Plans to build a magnetic levitation train from the center of Munich to the airport were trashed on Thursday after construction costs almost doubled from €1.85 billion ($2.90 billion US) to €3.4 billion ($5.33 billion US). This is a major disappointment to Siemens, the company who exported the maglev to Shanghai, China, but cannot build a commercial maglev system within its home country.


And the Shanghai maglev has had ridership problems - running trains that are 80% empty, unable to recoup any part of the enormous construction costs.

Part of the problem in Shanghai was that the maglev system route isn't ideal - it doesn't connect the highly traveled corridors.

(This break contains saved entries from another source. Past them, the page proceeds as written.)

(* Let $\mathbb{F}_q$ have prime characteristic $p$. For every integer $k\ge1$, \[\bigcup_{i=1}^k \{p^j : 0\le j\le t_i\}\,D(q^i-1)\ \subseteq\ P(k,\mathbb{F}_q),\] where $t_i=\min\{t\in\mathbb{Z} : p^t\ge\lfloor k/i\rfloor\}$ for $1\le i\le k$.
   Context: A sequence $(a_n)_{n\ge0}$ over $\mathbb{F}_q$ satisfies a linear recurrence of degree $k$ if there are $c_0,\dots,c_{k-1}\in\mathbb{F}_q$, with $c_0\neq0$ (standing assumption), such that $a_{n+k}=\sum_{i=0}^{k-1}c_ia_{n+i}$ for all $n\ge0$; such sequences are purely periodic and $\rho(\mathbf{a})$ is the least $m>0$ with $a_{n+m}=a_n$ for all $n\ge0$. $P(k,\mathbb{F}_q)$ is the set of all $\rho(\mathbf{a})$ for sequences $\mathbf{a}$ satisfying some linear recurrence of degree $k$ over $\mathbb{F}_q$. For $n\in\mathbb{Z}_{>0}$, $D(n)$ is the set of positive divisors of $n$. For sets $S_1,S_2\subseteq\mathbb{Z}$ and $a\in\mathbb{Z}$, $aS_1=\{ax: x\in S_1\}$ and $S_1S_2=\{xy : x\in S_1, y\in S_2\}$. *)

theory Defs
  imports Main "HOL-Computational_Algebra.Primes"
begin

definition satisfies_lin_rec :: "nat \<Rightarrow> (nat \<Rightarrow> 'a::field) \<Rightarrow> bool" where
  "satisfies_lin_rec k a \<longleftrightarrow>
     (\<exists>c :: nat \<Rightarrow> 'a. c 0 \<noteq> 0 \<and>
        (\<forall>n. a (n + k) = (\<Sum>i<k. c i * a (n + i))))"

definition least_period :: "(nat \<Rightarrow> 'a) \<Rightarrow> nat" where
  "least_period a = (LEAST m. m > 0 \<and> (\<forall>n. a (n + m) = a n))"

definition periods_set :: "nat \<Rightarrow> 'a::{finite,field} itself \<Rightarrow> nat set" where
  "periods_set k _ = {m. \<exists>a :: nat \<Rightarrow> 'a. satisfies_lin_rec k a \<and> m = least_period a}"
lemma cocyc_swap: "(\<Sum>l\<in>UNIV. fa x p l * cocyc y l q) = (\<Sum>k\<in>UNIV. fa y q k * cocyc x k p)"
proof -
  have "(\<Sum>l\<in>UNIV. fa x p l * cocyc y l q) = - (\<Sum>l\<in>UNIV. \<Sum>m\<in>UNIV. fa x p l * fa y q m * Om m l)"
    by (subst cocyc_antisym) (simp add: cocyc_def sum_distrib_left sum_negf mult.assoc)
  also have "\<dots> = - (\<Sum>m\<in>UNIV. \<Sum>l\<in>UNIV. fa y q m * fa x p l * Om l m)"
    by (subst sum.swap) (simp add: mult_ac Om_sym)
  also have "\<dots> = (\<Sum>k\<in>UNIV. fa y q k * cocyc x k p)"
    by (subst cocyc_antisym) (simp add: cocyc_def sum_distrib_left sum_negf mult.assoc)
  finally show ?thesis .
qed

lemma cocyc_representation:
  "(\<Sum>g\<in>UNIV. fh x y g * cocyc g i j) = (\<Sum>l\<in>UNIV. fa y i l * cocyc x l j) - (\<Sum>l\<in>UNIV. fa x i l * cocyc y l j)"
proof -
  have "(\<Sum>g\<in>UNIV. fh x y g * cocyc g i j) = (\<Sum>k\<in>UNIV. (\<Sum>g\<in>UNIV. fh x y g * fa g i k) * Om k j)"
    by (simp add: cocyc_def sum_distrib_left sum_distrib_right mult.assoc) (subst sum.swap, simp)
  also have "\<dots> = (\<Sum>k\<in>UNIV. ((\<Sum>l\<in>UNIV. fa y i l * fa x l k) - (\<Sum>l\<in>UNIV. fa x i l * fa y l k)) * Om k j)"
    by (simp add: action_representation)
  also have "\<dots> = (\<Sum>l\<in>UNIV. fa y i l * cocyc x l j) - (\<Sum>l\<in>UNIV. fa x i l * cocyc y l j)"
    by (simp add: cocyc_def left_diff_distrib sum_subtractf sum_distrib_left sum_distrib_right mult.assoc)
       (subst (1 2) sum.swap, simp)
  finally show ?thesis .
qed

lemma cocyc_equivariant:
  "(\<Sum>k\<in>UNIV. cocyc k q p * fh x y k) - (\<Sum>k\<in>UNIV. fa x p k * cocyc y k q)
     + (\<Sum>k\<in>UNIV. fa x q k * cocyc y k p) = 0"
  using cocyc_representation[of x y q p] cocyc_swap[of y q x p] by (simp add: mult.commute)

definition Om_bracket :: "'i \<Rightarrow> 'i \<Rightarrow> 'i \<Rightarrow> real" where
  "Om_bracket u v z = (\<Sum>m\<in>UNIV. fg u v m * Om m z)"

lemma Om_bracket_antisym: "Om_bracket u v z = - Om_bracket v u z"
  by (simp add: Om_bracket_def sum_negf[symmetric]) (metis fg_antisym mult_minus_left)

lemma Om_bracket_antisym': "Om_bracket u v z = - Om_bracket u z v"
  using Om_invariant[of u v z] by (simp add: Om_bracket_def Om_sym[of v] eq_neg_iff_add_eq_0)

lemma Om_bracket_cyclic: "Om_bracket u v z = Om_bracket v z u"
  by (metis Om_bracket_antisym Om_bracket_antisym' minus_minus)

text \<open>Each term of the cyclic sum is expanded twice: once with the derivation property and
once with the invariance of \<open>\<Omega>\<close>; the six resulting terms cancel in pairs.\<close>
lemma cocyc_cocycle:
  "(\<Sum>k\<in>UNIV. fg x y k * cocyc a k z) + (\<Sum>k\<in>UNIV. fg y z k * cocyc a k x)
     + (\<Sum>k\<in>UNIV. fg z x k * cocyc a k y) = 0"
proof -
  define T where "T x y z = (\<Sum>k\<in>UNIV. fa a x k * Om_bracket k y z)" for x y z
  define P where "P x y z = (\<Sum>k\<in>UNIV. fg x y k * cocyc a k z)" for x y z
  have by_derivation: "P x y z = T x y z + T y z x" for x y z
  proof -
    have "P x y z = (\<Sum>m\<in>UNIV. (\<Sum>k\<in>UNIV. fg x y k * fa a k m) * Om m z)"
      by (simp add: P_def cocyc_def sum_distrib_left sum_distrib_right mult.assoc) (subst sum.swap, simp)
    also have "\<dots> = (\<Sum>m\<in>UNIV. ((\<Sum>k\<in>UNIV. fa a x k * fg k y m) + (\<Sum>k\<in>UNIV. fa a y k * fg x k m)) * Om m z)"
      by (simp add: action_derivation)
    also have "\<dots> = T x y z + (\<Sum>k\<in>UNIV. fa a y k * Om_bracket x k z)"
      by (simp add: T_def Om_bracket_def distrib_right sum.distrib sum_distrib_left sum_distrib_right mult.assoc)
         (subst (1 2) sum.swap, simp)
    finally show ?thesis
      by (simp add: T_def Om_bracket_cyclic[of x])
  qed
  have by_invariance: "P x y z = - T z x y" for x y z
  proof -
    have "P x y z = - (\<Sum>k\<in>UNIV. \<Sum>m\<in>UNIV. fg x y k * fa a z m * Om m k)"
      unfolding P_def by (subst cocyc_antisym) (simp add: cocyc_def sum_distrib_left sum_negf mult.assoc)
    also have "\<dots> = - (\<Sum>m\<in>UNIV. fa a z m * Om_bracket x y m)"
      by (subst sum.swap) (simp add: Om_bracket_def sum_distrib_left mult_ac Om_sym)
    finally show ?thesis
      by (simp add: T_def) (metis Om_bracket_cyclic)
  qed
  have "P x y z + P y z x + P z x y = 0"
    using by_derivation[of x y z] by_derivation[of y z x] by_derivation[of z x y]
      by_invariance[of x y z] by_invariance[of y z x] by_invariance[of z x y]
    by linarith
  then show ?thesis
    by (simp add: P_def)
qed
(* Let $P$ and $P'$ be simple polyhedra in $\mathbb{R}^3$ that are combinatorially equivalent to each other (with a fixed combinatorial equivalence). Suppose that each face of a natural development of $P$ is affine-equivalent to the corresponding face of a natural development of $P'$. Then $P$ and $P'$ are affine-equivalent.
   Context: A polyhedron is a connected two-dimensional polyhedral surface in $\mathbb{R}^3$ composed of finitely many convex polygons (its faces), connected in the sense that one can pass from any face to any other by crossing edges (not just vertices). A closed convex polyhedron is strictly convex if none of its dihedral angles equals $\pi$; a strictly convex closed polyhedron is simple if each of its vertices is incident to exactly three edges. Two polyhedra are combinatorially equivalent if there is an incidence-preserving bijection between their vertices, edges and faces. A natural development of a polyhedron $P$ is a finite collection of convex polygons in the plane in one-to-one correspondence with the faces of $P$, each polygon congruent to the corresponding face, such that two elements (faces, sides, vertices) of the collection are incident iff the corresponding elements of $P$ are incident. Two polygons (resp. two combinatorially equivalent polyhedra) are affine-equivalent if there is a nondegenerate affine map carrying the first onto the second and carrying each vertex, edge (and face) to the corresponding one. *)

theory Defs
  imports "HOL-Analysis.Analysis"
begin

This would seem to be a problem with the proposed Vegas maglev route. As noted above, the initial segment would run from Primm to Vegas - not exactly a high-traffic route. If/when a new airport is built there to relieve McCarran, then perhaps there will be high ridership on this maglev route. But without firm plans to build the entire line from Vegas to Anaheim, it is still much too likely that the costs on this first segment will balloon and kill the rest of the route, leaving Nevada with something of a white elephant.

Finally there is the issue of public funding:

Third, and perhaps most important, from the beginning maglev has made clear that it intends to use a combination of both private capital and government funding. To date, no high-speed rail project in the United States has been constructed solely with private capital.

This didn't stop DesertXpress from actively selling the idea of a privately funded train. In fact, advocates of DesertXpress have for years cited the "private" element as one of the primary reasons their project deserves support.

As recently reported by the Las Vegas Review-Journal, however, their focus has now shifted to seeking taxpayer funded federal loans to cover the majority of financing for the project.


I never thought it was good or beneficial that DesertXpress made a virtue of being privately funded, given the extreme unlikelihood that they would be able to keep that promise. That being said, the reason Bender mentioned this is to sow doubt about DesertXpress's claims and plans. There's nothing wrong with seeking federal funding for HSR or maglev, but the mere fact that DesertXpress has shifted its plans doesn't imply any inherent problem with their project.

It's a typical line of attack for critics of passenger rail - anytime the details change, they use that change as supposed evidence that the project is not viable, is being mismanaged, should not be trusted, etc. As with the "train to nowhere" frame, Bender is playing with fire here, especially since the op-ed hasn't offered any actual reasons or explanation as to why DesertXpress made the shift.

It's a shift that makes sense. It's become much more difficult to raise billions in private capital for anything, as banks hoard their funds and as the recession continues to deepen. That's not the same as being impossible to raise those funds, and private investors are much more willing to get involved with something that has federal financial involvement, as will the California HSR project. A good project with sound management will change parts of their plan when conditions warrant, instead of plowing ahead with an obsolete model. DesertXpress's shift is in itself not a bad thing, and shouldn't be taken as such.

I can understand why the Vegas maglev project feels the need to strike back at the DesertXpress project, which has all the momentum these days. Maglev backers have a much tougher case to make, particularly on the cost angle, and they are in very real danger of seeing their project fall apart. I'm all for a close comparison of the two plans to link California to Nevada, and all for criticism when the evidence supports it.

But Richann Bender and the Vegas maglev project haven't made that case here. Instead they have used anti-rail arguments to undermine a rival without offering solid evidence to back up their claims. It's an unfortunate and desperate move that isn't necessary and isn't welcome.